◆ What you need to do ◆
Please tally the lines of the listing that follows where the word "else" appears, and reply with the number only.

______________________________

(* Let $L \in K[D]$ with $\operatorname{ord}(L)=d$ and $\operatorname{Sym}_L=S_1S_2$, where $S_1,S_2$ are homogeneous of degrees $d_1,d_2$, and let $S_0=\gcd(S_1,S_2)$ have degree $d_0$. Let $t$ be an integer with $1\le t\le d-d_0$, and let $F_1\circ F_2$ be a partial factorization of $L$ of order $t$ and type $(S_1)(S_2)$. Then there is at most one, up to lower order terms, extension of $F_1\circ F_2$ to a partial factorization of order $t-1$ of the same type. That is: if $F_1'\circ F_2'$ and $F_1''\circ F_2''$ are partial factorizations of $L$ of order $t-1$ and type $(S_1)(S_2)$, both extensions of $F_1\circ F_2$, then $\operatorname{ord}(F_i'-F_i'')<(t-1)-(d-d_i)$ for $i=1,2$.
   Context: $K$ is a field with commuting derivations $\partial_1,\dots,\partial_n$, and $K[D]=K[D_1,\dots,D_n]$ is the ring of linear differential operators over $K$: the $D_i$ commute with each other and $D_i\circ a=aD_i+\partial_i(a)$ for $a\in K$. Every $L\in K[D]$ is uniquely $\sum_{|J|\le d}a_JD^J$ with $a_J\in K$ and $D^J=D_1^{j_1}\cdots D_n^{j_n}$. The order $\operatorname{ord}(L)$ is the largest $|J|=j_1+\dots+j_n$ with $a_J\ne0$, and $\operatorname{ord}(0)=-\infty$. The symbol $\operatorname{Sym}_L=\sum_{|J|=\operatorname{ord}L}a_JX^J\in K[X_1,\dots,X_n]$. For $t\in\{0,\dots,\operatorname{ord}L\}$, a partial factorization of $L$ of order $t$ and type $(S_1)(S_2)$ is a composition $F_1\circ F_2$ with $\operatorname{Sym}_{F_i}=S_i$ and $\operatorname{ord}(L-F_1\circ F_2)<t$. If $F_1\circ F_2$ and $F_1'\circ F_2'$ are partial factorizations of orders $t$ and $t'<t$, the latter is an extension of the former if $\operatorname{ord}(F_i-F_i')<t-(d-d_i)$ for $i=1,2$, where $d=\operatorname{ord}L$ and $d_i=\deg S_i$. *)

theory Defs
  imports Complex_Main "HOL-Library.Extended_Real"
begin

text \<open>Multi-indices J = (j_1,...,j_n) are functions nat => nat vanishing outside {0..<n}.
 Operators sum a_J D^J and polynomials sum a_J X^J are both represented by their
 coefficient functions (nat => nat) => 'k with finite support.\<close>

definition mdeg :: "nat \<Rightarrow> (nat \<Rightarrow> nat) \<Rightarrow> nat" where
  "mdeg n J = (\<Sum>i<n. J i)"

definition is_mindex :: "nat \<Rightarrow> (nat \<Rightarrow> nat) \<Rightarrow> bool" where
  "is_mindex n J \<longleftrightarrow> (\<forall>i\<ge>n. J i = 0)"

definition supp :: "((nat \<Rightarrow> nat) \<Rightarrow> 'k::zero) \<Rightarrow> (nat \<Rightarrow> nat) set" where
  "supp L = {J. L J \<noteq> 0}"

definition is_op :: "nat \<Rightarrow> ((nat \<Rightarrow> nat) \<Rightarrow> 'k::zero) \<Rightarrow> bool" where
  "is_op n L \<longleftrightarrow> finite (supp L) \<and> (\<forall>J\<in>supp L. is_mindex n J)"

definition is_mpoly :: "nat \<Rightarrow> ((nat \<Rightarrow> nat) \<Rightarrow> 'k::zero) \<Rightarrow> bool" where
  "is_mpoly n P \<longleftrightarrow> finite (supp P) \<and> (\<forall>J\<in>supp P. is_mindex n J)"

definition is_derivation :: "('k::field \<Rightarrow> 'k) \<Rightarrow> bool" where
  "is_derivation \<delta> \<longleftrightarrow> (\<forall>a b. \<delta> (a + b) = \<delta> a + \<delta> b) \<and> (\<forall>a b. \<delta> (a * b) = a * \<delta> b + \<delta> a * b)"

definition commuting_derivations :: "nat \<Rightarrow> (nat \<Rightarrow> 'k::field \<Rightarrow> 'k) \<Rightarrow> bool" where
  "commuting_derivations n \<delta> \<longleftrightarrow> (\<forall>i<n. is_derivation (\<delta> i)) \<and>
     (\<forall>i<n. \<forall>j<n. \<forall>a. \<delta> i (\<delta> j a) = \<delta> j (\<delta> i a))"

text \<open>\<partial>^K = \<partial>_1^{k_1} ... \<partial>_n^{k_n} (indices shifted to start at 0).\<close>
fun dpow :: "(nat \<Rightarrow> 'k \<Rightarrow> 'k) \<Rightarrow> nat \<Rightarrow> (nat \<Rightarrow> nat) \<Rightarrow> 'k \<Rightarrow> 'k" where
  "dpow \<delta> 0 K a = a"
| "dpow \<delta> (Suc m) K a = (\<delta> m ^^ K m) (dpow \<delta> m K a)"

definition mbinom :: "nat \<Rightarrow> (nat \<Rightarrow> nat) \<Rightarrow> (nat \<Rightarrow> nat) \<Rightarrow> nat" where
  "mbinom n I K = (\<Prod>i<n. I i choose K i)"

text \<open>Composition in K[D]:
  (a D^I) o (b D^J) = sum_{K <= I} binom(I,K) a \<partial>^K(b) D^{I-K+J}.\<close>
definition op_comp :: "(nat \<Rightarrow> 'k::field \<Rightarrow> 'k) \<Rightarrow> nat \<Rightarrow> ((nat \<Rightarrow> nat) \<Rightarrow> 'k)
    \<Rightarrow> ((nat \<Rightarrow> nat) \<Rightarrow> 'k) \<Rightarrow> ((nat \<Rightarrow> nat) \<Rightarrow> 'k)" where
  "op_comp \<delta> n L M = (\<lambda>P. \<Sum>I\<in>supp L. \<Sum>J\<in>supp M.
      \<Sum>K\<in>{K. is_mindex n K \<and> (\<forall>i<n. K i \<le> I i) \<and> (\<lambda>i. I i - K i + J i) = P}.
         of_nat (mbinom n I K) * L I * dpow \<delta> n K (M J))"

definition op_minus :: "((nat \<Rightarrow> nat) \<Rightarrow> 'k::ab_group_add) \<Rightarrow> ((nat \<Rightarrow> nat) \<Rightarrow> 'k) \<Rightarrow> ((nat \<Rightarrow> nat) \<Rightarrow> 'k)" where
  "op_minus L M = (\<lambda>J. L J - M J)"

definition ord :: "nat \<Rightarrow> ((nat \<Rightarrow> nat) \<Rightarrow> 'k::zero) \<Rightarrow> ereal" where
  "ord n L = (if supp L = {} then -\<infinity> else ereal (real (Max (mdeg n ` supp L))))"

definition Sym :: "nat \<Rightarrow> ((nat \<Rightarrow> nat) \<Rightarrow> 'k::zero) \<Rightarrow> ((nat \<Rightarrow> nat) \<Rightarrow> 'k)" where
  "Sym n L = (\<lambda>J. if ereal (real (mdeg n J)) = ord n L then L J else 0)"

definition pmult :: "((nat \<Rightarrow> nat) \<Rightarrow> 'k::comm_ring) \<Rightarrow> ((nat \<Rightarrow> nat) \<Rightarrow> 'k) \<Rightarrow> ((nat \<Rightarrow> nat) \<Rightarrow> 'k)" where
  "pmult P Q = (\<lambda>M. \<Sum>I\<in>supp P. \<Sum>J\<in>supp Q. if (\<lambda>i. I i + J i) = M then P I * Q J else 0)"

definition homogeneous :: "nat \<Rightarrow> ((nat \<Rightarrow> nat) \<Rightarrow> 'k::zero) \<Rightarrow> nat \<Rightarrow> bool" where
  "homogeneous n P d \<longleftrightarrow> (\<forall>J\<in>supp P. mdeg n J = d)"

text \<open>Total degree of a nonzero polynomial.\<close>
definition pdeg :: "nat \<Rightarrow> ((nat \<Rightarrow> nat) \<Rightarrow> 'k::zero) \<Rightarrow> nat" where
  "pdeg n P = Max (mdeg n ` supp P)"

______________________________

◆ Response to the task ◆
3